## Input material

- Opening Delimiter -

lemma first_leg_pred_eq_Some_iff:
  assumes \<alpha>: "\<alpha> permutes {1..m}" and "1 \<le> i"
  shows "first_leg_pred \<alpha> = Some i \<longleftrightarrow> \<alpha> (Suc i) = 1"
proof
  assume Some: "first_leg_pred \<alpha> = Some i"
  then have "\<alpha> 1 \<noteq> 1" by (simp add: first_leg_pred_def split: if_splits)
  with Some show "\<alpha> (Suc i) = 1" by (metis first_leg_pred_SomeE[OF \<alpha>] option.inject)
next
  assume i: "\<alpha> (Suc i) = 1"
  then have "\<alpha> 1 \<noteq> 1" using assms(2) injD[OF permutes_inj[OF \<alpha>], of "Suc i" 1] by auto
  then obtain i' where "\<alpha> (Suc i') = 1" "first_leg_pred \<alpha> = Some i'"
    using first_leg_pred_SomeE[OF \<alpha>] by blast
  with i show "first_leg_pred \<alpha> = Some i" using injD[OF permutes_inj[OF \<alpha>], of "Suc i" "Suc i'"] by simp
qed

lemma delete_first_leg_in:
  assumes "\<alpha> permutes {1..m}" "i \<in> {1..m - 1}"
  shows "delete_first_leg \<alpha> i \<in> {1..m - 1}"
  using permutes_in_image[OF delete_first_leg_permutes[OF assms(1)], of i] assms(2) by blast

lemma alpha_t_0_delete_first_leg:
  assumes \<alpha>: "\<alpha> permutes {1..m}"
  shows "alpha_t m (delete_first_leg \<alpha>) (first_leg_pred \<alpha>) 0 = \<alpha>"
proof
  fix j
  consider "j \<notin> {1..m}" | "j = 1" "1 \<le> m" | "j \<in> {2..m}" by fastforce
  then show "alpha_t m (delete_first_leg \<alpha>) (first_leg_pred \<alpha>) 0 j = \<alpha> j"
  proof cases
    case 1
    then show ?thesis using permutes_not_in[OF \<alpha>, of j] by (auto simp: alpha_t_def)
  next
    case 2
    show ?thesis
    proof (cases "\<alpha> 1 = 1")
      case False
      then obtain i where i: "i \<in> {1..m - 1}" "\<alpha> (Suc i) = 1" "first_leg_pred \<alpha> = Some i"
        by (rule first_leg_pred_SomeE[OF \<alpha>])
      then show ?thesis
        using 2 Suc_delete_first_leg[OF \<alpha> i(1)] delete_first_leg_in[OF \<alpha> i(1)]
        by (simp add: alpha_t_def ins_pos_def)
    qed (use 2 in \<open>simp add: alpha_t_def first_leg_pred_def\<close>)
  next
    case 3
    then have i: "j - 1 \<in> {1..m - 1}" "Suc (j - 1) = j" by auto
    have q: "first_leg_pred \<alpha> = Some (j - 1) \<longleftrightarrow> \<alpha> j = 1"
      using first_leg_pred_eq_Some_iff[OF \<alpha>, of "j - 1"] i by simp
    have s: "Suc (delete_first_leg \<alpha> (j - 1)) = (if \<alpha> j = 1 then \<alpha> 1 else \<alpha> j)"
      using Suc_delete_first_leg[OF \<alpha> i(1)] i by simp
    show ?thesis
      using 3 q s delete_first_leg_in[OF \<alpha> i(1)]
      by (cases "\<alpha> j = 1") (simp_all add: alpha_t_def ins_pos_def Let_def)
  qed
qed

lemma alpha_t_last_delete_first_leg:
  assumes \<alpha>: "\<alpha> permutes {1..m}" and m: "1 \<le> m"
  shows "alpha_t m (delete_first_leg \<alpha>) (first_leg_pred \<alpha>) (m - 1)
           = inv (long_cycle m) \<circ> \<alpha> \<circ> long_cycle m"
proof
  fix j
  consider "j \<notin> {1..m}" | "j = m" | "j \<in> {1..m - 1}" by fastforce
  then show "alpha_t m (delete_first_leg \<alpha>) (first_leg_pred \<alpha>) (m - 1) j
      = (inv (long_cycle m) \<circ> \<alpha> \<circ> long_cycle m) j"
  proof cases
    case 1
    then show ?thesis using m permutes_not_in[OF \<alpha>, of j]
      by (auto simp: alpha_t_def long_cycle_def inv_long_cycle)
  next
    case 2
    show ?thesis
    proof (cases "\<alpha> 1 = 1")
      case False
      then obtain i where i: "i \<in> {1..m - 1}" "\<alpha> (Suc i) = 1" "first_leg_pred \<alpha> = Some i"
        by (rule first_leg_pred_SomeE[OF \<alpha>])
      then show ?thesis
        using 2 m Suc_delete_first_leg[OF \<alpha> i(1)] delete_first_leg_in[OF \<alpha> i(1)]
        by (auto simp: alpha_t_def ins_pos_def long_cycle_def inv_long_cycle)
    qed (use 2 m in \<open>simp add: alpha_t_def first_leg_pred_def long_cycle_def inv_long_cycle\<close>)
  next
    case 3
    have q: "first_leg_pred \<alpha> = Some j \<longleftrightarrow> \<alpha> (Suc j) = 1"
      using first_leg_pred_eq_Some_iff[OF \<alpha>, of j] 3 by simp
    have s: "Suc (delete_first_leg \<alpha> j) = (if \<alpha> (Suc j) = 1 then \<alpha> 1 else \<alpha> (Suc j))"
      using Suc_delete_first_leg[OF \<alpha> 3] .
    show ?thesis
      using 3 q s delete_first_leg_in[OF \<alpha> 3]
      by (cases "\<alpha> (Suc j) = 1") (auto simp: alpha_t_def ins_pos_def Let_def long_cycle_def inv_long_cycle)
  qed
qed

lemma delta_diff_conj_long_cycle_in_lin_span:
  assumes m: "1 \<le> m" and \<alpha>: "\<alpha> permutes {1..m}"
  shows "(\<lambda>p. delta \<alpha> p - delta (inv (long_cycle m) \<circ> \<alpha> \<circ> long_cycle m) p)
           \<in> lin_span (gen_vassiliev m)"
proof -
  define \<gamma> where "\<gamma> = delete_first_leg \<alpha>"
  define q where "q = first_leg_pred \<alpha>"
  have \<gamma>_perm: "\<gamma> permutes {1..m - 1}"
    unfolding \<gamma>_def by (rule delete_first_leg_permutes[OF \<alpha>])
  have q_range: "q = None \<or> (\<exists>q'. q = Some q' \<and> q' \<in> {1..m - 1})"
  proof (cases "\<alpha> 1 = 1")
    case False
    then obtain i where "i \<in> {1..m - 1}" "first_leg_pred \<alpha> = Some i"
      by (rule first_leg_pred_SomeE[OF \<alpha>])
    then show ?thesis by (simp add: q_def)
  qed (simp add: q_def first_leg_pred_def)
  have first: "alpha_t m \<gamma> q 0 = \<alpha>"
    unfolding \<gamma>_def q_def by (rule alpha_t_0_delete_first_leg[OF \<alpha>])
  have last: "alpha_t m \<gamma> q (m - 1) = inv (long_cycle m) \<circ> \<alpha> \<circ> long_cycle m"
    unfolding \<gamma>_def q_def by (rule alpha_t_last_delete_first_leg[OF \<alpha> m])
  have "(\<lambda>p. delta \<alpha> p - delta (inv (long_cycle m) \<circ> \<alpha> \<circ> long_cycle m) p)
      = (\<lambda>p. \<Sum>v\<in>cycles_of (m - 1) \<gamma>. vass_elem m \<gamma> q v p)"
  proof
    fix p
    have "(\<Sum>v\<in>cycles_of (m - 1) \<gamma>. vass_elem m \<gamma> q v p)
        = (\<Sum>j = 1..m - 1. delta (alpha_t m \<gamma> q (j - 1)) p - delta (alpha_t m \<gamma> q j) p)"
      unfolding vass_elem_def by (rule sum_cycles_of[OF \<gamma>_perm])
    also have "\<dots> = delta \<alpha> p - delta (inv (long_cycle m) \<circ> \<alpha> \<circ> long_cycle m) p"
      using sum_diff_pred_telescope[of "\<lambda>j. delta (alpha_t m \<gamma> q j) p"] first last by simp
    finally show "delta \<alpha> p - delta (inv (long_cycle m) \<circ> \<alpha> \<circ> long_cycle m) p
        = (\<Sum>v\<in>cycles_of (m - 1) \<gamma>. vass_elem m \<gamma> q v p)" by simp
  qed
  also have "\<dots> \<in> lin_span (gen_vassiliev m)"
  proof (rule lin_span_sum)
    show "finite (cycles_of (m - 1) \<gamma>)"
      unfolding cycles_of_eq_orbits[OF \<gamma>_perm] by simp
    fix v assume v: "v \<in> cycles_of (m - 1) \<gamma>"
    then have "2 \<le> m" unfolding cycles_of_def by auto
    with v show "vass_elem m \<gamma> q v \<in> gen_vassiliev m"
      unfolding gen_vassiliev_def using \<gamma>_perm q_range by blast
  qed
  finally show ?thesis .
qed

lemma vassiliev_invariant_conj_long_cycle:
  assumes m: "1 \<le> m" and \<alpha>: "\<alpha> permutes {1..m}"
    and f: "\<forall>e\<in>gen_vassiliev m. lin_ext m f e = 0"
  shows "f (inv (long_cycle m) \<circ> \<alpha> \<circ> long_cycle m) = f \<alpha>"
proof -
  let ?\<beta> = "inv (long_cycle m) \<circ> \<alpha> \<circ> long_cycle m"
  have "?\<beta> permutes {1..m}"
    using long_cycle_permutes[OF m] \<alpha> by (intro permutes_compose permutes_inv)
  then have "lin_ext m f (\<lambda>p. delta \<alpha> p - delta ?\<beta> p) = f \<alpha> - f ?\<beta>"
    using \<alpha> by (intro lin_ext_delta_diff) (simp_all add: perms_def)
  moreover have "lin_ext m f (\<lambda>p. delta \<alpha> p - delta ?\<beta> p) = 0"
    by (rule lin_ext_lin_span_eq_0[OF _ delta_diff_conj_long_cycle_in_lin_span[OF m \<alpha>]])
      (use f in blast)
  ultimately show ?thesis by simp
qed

- Closing Delimiter -

## Task statement
Locate the lines above that contain "obtain" and copy them.

## Solution for this problem
  then obtain i' where "\<alpha> (Suc i') = 1" "first_leg_pred \<alpha> = Some i'"
      then obtain i where i: "i \<in> {1..m - 1}" "\<alpha> (Suc i) = 1" "first_leg_pred \<alpha> = Some i"
      then obtain i where i: "i \<in> {1..m - 1}" "\<alpha> (Suc i) = 1" "first_leg_pred \<alpha> = Some i"
    then obtain i where "i \<in> {1..m - 1}" "first_leg_pred \<alpha> = Some i"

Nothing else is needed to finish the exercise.